What needs to be done —
Beginning with the first line, please repeat the entries exactly and end on the line that contains "x))\<^sup>2 = x".
★ ★ ★ ★ ★ ★ ★
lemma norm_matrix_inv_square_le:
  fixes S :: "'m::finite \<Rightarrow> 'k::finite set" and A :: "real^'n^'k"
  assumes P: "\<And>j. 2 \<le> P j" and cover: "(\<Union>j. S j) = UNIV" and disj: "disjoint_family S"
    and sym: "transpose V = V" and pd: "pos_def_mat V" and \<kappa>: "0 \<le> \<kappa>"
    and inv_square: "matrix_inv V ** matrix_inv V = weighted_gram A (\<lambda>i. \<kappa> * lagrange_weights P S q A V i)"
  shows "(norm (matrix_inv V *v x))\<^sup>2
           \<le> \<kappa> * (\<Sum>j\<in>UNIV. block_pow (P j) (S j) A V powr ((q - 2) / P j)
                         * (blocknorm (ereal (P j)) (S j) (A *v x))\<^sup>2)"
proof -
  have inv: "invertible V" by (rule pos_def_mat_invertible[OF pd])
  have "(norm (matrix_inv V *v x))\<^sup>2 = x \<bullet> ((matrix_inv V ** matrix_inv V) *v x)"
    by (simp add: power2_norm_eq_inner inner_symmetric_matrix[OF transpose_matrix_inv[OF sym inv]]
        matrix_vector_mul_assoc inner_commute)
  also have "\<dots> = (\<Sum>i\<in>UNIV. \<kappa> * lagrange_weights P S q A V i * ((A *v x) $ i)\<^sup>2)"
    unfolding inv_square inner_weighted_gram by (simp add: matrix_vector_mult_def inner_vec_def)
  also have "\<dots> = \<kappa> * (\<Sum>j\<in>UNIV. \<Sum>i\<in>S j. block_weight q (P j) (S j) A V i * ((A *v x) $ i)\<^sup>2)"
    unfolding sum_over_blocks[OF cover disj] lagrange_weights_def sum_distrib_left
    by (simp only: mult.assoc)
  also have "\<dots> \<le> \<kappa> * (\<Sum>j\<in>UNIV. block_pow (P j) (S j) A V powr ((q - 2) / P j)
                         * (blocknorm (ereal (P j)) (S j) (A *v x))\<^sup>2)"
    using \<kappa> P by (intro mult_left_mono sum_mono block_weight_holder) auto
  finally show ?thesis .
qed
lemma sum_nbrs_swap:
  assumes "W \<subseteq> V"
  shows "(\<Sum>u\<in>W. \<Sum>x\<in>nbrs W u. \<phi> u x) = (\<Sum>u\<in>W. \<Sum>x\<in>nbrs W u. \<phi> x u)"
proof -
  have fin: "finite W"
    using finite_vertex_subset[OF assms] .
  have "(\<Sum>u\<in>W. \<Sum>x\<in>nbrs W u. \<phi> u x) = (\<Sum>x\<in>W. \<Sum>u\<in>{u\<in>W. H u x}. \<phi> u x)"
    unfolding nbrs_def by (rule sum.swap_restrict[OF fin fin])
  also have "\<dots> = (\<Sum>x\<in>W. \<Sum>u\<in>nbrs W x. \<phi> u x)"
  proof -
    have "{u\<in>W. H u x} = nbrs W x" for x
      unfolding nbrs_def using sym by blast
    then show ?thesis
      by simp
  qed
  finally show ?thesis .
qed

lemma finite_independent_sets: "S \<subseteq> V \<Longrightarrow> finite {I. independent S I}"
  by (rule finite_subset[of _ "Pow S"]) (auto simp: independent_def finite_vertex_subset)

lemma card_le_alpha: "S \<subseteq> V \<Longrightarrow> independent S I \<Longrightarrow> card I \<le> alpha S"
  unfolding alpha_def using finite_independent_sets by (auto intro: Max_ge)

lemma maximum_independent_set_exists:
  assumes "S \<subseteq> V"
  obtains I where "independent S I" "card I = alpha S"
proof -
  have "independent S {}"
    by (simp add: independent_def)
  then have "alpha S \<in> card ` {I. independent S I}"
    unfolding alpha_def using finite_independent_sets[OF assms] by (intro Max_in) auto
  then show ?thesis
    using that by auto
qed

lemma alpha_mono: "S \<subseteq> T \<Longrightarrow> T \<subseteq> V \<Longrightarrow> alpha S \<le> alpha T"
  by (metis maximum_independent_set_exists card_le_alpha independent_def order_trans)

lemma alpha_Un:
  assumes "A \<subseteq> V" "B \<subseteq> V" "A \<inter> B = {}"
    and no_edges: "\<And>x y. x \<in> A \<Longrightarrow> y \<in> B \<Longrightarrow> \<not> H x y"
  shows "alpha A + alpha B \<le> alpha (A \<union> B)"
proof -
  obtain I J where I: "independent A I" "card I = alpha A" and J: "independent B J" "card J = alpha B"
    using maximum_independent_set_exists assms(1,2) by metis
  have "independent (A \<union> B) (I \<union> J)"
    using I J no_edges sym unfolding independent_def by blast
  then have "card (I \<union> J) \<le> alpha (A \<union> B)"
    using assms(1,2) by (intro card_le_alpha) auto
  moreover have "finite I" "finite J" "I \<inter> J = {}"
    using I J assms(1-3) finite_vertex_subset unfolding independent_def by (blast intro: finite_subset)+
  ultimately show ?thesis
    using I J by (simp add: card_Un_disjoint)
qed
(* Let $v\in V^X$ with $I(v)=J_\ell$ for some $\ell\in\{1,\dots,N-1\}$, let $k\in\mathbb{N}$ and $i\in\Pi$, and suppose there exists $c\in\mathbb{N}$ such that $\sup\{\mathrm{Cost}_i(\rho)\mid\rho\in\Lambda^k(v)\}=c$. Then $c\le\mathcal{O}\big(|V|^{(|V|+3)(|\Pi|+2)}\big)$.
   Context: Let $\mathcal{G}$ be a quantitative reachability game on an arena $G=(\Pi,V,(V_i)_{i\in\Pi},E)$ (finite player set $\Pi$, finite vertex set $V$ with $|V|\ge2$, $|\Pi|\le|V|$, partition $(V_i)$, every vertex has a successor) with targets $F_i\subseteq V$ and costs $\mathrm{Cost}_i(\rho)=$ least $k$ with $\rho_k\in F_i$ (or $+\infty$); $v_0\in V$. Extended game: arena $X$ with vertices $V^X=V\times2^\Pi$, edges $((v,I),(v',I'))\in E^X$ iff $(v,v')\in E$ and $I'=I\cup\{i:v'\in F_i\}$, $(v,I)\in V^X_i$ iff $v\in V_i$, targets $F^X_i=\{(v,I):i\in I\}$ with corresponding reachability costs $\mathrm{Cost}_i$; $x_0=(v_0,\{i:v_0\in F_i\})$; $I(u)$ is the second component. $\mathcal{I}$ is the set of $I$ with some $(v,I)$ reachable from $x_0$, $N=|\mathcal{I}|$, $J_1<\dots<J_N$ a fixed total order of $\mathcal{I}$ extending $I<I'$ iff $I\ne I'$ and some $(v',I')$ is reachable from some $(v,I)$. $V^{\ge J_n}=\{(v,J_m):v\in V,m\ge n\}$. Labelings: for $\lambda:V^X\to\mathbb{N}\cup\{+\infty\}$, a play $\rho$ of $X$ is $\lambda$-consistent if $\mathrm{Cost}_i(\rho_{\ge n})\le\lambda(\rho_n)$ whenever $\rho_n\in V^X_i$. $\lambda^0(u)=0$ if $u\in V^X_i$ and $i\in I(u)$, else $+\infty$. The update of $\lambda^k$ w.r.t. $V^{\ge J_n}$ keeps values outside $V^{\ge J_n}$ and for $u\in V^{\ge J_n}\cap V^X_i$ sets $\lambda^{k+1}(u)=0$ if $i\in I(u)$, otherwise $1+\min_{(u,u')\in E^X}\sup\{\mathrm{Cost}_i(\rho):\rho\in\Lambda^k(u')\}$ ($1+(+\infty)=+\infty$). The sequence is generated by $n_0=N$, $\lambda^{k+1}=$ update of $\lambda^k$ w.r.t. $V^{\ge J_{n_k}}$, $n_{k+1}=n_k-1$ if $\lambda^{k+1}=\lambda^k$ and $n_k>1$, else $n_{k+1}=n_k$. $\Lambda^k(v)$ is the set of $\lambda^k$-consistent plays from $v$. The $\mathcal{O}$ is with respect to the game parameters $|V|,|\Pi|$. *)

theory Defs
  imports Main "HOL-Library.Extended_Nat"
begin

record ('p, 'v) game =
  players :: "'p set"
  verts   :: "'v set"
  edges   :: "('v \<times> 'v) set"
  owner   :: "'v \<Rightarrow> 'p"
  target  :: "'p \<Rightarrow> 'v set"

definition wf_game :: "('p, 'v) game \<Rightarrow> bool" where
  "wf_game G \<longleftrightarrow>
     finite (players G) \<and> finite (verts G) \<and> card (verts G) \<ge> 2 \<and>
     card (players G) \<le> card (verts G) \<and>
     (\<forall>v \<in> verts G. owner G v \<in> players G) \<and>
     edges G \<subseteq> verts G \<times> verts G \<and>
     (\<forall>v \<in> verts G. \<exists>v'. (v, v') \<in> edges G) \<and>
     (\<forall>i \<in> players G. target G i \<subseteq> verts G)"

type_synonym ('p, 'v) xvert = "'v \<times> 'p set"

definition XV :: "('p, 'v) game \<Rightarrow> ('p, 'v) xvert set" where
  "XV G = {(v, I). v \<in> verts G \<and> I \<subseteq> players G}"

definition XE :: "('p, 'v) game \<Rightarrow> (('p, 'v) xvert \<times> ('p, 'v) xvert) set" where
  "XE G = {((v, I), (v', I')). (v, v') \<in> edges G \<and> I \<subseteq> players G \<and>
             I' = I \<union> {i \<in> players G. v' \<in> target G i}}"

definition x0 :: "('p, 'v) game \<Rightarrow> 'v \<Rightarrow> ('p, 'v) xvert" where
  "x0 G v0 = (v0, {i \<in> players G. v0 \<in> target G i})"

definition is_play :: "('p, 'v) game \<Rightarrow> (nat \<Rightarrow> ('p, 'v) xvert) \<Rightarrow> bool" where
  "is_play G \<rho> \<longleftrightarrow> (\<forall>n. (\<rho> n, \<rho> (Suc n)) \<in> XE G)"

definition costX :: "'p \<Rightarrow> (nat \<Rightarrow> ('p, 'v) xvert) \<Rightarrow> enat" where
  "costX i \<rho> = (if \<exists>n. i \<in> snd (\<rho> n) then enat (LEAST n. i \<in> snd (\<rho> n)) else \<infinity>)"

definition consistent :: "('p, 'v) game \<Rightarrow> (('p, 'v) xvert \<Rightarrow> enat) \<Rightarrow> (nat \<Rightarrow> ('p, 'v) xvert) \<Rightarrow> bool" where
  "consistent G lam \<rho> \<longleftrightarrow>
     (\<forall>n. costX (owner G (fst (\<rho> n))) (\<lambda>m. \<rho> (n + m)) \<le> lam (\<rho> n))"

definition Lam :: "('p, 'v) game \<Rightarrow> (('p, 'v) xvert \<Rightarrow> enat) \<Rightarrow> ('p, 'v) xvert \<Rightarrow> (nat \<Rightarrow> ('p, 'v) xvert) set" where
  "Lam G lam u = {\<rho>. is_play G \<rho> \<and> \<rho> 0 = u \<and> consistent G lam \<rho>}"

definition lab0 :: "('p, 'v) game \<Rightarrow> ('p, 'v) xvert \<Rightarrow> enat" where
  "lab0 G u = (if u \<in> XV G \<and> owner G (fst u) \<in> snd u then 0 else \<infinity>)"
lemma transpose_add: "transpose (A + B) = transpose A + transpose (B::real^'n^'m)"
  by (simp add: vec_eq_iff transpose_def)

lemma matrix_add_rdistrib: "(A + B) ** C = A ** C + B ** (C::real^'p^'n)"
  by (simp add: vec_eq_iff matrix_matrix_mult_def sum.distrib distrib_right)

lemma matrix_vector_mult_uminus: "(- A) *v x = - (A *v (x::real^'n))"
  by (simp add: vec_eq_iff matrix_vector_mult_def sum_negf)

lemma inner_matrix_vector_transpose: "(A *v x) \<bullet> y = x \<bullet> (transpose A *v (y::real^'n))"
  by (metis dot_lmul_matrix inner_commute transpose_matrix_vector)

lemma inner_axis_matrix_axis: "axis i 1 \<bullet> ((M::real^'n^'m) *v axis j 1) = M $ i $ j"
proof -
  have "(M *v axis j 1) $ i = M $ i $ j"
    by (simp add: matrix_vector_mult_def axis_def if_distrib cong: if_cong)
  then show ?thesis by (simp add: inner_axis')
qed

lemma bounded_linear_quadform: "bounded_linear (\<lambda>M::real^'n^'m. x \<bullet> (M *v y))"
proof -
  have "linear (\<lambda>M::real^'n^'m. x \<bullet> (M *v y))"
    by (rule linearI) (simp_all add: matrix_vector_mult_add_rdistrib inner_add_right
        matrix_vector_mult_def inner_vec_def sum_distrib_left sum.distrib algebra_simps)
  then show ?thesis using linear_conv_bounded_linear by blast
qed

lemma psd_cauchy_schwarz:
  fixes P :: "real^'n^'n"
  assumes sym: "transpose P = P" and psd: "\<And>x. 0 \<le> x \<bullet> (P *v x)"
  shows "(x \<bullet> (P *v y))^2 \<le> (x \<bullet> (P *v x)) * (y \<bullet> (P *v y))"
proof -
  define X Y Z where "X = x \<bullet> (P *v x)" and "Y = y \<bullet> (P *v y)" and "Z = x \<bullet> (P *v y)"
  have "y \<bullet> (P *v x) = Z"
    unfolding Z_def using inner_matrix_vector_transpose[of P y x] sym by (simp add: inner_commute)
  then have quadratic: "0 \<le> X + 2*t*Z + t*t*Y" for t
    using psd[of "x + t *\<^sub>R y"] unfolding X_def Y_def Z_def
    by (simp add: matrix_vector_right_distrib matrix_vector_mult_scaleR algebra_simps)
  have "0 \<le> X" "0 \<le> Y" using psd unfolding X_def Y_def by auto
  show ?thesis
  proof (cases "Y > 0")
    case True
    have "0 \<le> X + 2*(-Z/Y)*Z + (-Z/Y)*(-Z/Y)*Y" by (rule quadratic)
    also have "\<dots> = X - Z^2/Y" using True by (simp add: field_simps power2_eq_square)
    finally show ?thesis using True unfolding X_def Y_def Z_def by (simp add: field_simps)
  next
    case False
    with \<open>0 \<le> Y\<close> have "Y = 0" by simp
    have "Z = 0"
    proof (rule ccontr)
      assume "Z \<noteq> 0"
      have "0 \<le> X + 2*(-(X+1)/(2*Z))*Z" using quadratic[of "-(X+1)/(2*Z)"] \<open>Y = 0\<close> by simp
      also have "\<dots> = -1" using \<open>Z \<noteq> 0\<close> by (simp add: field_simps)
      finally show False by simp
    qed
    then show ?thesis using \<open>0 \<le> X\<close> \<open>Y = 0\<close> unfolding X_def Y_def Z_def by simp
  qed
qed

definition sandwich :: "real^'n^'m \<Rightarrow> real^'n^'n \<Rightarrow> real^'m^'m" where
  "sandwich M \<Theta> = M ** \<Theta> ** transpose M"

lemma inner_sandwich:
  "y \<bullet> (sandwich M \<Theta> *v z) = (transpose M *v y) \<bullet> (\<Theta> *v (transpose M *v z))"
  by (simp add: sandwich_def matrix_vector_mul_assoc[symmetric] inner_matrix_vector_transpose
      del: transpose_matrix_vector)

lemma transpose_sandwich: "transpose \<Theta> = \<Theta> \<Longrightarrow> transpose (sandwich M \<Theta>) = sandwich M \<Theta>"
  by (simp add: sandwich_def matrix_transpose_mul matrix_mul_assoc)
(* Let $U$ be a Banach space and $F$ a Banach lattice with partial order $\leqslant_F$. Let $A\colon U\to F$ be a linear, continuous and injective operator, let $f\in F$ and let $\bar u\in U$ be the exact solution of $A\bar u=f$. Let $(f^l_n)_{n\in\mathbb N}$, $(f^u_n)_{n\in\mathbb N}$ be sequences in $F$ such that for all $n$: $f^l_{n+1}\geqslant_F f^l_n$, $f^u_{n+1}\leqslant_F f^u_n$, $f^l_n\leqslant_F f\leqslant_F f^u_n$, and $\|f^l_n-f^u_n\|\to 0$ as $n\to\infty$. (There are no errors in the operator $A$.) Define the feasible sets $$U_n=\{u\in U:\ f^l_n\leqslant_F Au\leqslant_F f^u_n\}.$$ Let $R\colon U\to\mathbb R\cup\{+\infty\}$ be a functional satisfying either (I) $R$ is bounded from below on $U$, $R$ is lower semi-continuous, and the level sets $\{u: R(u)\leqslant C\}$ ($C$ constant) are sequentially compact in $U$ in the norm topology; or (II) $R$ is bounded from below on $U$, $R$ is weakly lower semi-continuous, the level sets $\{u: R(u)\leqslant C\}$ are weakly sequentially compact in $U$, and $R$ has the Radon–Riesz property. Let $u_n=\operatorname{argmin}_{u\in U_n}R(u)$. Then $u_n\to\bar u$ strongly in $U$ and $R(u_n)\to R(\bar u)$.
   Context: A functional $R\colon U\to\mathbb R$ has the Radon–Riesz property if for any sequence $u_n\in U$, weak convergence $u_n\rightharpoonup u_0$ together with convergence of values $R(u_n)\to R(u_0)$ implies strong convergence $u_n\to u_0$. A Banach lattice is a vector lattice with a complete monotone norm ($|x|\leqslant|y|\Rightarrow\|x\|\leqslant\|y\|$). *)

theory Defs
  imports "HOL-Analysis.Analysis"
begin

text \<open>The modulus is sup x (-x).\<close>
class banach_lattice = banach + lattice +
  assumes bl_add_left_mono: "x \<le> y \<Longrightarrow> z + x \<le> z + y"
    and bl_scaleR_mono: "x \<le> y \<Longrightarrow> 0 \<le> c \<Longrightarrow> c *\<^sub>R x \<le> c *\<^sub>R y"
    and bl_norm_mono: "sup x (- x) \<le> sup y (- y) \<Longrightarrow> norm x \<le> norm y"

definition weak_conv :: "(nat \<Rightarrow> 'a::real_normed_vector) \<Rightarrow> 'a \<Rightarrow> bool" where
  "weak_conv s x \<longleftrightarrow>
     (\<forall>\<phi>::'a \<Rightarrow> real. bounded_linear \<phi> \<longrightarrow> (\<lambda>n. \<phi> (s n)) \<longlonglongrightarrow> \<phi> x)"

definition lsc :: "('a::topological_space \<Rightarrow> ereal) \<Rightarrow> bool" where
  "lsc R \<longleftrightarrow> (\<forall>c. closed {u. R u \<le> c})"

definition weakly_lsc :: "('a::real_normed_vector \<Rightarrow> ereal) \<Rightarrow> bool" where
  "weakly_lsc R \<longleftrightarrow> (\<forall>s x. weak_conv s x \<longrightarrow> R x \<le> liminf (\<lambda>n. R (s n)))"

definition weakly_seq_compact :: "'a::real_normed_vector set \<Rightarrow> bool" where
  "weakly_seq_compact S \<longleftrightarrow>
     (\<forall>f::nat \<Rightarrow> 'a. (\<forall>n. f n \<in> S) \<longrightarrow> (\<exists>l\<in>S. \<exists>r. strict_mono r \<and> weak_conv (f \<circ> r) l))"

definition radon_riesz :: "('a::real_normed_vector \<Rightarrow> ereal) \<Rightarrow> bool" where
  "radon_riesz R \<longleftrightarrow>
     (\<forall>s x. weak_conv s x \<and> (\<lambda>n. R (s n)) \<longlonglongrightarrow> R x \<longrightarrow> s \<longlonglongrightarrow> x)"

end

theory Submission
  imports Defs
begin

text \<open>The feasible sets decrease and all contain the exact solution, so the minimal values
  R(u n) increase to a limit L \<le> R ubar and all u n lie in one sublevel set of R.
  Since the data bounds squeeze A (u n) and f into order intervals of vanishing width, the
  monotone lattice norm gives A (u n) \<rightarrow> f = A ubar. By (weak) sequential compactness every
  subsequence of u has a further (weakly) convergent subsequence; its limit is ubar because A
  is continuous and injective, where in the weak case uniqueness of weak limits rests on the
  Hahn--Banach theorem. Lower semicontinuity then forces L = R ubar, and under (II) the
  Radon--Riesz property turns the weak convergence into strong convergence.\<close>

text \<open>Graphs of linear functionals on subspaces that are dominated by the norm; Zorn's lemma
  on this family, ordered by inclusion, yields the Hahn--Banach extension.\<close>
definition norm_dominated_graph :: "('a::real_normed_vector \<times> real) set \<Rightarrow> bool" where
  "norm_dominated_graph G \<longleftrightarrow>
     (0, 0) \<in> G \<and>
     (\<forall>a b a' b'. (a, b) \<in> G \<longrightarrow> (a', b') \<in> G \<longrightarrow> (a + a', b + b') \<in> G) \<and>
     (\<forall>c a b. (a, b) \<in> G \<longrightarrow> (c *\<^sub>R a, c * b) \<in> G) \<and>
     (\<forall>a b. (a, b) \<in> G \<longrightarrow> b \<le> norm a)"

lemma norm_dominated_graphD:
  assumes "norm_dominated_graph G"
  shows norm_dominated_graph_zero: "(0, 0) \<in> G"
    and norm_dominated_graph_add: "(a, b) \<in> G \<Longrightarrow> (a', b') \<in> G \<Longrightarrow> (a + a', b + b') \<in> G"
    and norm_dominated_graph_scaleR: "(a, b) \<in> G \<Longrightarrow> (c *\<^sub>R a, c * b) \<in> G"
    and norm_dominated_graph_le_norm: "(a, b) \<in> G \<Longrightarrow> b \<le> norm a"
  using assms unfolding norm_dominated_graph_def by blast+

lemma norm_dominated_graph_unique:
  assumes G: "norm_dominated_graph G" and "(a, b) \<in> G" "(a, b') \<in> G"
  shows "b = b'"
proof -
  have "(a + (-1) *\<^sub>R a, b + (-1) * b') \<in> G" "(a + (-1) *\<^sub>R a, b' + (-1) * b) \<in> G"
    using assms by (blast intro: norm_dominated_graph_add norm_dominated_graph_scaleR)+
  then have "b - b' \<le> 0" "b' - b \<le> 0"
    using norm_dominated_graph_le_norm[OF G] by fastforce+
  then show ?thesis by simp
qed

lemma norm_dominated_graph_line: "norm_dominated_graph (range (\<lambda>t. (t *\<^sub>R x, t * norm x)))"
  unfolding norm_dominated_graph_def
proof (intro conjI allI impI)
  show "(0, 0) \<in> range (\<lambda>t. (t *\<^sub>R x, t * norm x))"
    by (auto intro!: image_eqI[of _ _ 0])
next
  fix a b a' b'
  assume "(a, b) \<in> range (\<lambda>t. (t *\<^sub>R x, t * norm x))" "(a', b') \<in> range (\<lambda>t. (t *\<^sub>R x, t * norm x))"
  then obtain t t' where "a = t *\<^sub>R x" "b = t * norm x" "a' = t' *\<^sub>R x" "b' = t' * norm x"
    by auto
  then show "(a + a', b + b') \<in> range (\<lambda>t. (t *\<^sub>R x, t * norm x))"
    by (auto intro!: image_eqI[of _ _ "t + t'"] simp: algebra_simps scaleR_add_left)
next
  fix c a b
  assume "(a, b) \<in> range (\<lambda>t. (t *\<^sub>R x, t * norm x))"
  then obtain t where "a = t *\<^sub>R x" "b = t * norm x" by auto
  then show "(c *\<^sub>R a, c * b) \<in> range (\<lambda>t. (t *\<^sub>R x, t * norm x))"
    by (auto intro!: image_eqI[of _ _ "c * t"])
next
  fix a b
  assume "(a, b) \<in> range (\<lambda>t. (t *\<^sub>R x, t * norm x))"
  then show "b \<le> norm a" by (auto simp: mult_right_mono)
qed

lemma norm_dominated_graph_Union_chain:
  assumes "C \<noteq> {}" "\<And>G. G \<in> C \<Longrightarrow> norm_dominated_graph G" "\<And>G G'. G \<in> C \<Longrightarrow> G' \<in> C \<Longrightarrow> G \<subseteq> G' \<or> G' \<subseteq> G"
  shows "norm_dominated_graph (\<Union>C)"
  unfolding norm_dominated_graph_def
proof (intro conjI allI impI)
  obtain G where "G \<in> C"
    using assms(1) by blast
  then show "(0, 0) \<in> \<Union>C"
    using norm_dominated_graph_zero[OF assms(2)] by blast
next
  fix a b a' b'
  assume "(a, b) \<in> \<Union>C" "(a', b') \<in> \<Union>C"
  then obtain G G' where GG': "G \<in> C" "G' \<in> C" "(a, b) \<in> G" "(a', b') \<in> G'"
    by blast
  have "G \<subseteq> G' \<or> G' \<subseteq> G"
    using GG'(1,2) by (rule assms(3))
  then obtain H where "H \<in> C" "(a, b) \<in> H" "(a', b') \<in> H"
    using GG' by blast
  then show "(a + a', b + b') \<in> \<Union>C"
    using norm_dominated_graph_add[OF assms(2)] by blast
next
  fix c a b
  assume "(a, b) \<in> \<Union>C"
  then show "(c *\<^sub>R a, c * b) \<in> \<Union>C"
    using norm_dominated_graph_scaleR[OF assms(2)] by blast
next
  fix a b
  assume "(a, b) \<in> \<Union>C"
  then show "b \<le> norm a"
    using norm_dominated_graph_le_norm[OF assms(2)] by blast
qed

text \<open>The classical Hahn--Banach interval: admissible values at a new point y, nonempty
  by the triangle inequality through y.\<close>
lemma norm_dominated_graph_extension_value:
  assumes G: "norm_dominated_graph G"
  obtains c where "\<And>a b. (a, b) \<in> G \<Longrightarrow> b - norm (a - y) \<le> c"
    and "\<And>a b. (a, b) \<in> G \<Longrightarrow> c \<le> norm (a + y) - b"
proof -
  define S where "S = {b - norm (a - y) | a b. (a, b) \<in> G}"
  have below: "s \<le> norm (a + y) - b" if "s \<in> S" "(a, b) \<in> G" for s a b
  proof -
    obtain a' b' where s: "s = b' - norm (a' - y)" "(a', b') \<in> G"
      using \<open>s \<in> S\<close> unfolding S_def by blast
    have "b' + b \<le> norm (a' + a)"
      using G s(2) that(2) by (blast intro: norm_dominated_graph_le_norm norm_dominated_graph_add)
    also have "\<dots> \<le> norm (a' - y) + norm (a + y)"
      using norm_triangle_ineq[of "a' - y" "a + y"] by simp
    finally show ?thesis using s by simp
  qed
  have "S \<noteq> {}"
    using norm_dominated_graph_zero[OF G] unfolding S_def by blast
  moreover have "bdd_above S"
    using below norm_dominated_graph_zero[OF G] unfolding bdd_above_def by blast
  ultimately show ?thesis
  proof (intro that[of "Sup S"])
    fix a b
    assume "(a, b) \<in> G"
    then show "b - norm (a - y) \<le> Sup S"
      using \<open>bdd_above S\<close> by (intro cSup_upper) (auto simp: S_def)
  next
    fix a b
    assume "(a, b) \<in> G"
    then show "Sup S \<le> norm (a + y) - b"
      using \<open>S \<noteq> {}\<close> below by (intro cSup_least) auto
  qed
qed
★ ★ ★ ★ ★ ★ ★
Exercise answer —
lemma norm_matrix_inv_square_le:
  fixes S :: "'m::finite \<Rightarrow> 'k::finite set" and A :: "real^'n^'k"
  assumes P: "\<And>j. 2 \<le> P j" and cover: "(\<Union>j. S j) = UNIV" and disj: "disjoint_family S"
    and sym: "transpose V = V" and pd: "pos_def_mat V" and \<kappa>: "0 \<le> \<kappa>"
    and inv_square: "matrix_inv V ** matrix_inv V = weighted_gram A (\<lambda>i. \<kappa> * lagrange_weights P S q A V i)"
  shows "(norm (matrix_inv V *v x))\<^sup>2
           \<le> \<kappa> * (\<Sum>j\<in>UNIV. block_pow (P j) (S j) A V powr ((q - 2) / P j)
                         * (blocknorm (ereal (P j)) (S j) (A *v x))\<^sup>2)"
proof -
  have inv: "invertible V" by (rule pos_def_mat_invertible[OF pd])
  have "(norm (matrix_inv V *v x))\<^sup>2 = x \<bullet> ((matrix_inv V ** matrix_inv V) *v x)"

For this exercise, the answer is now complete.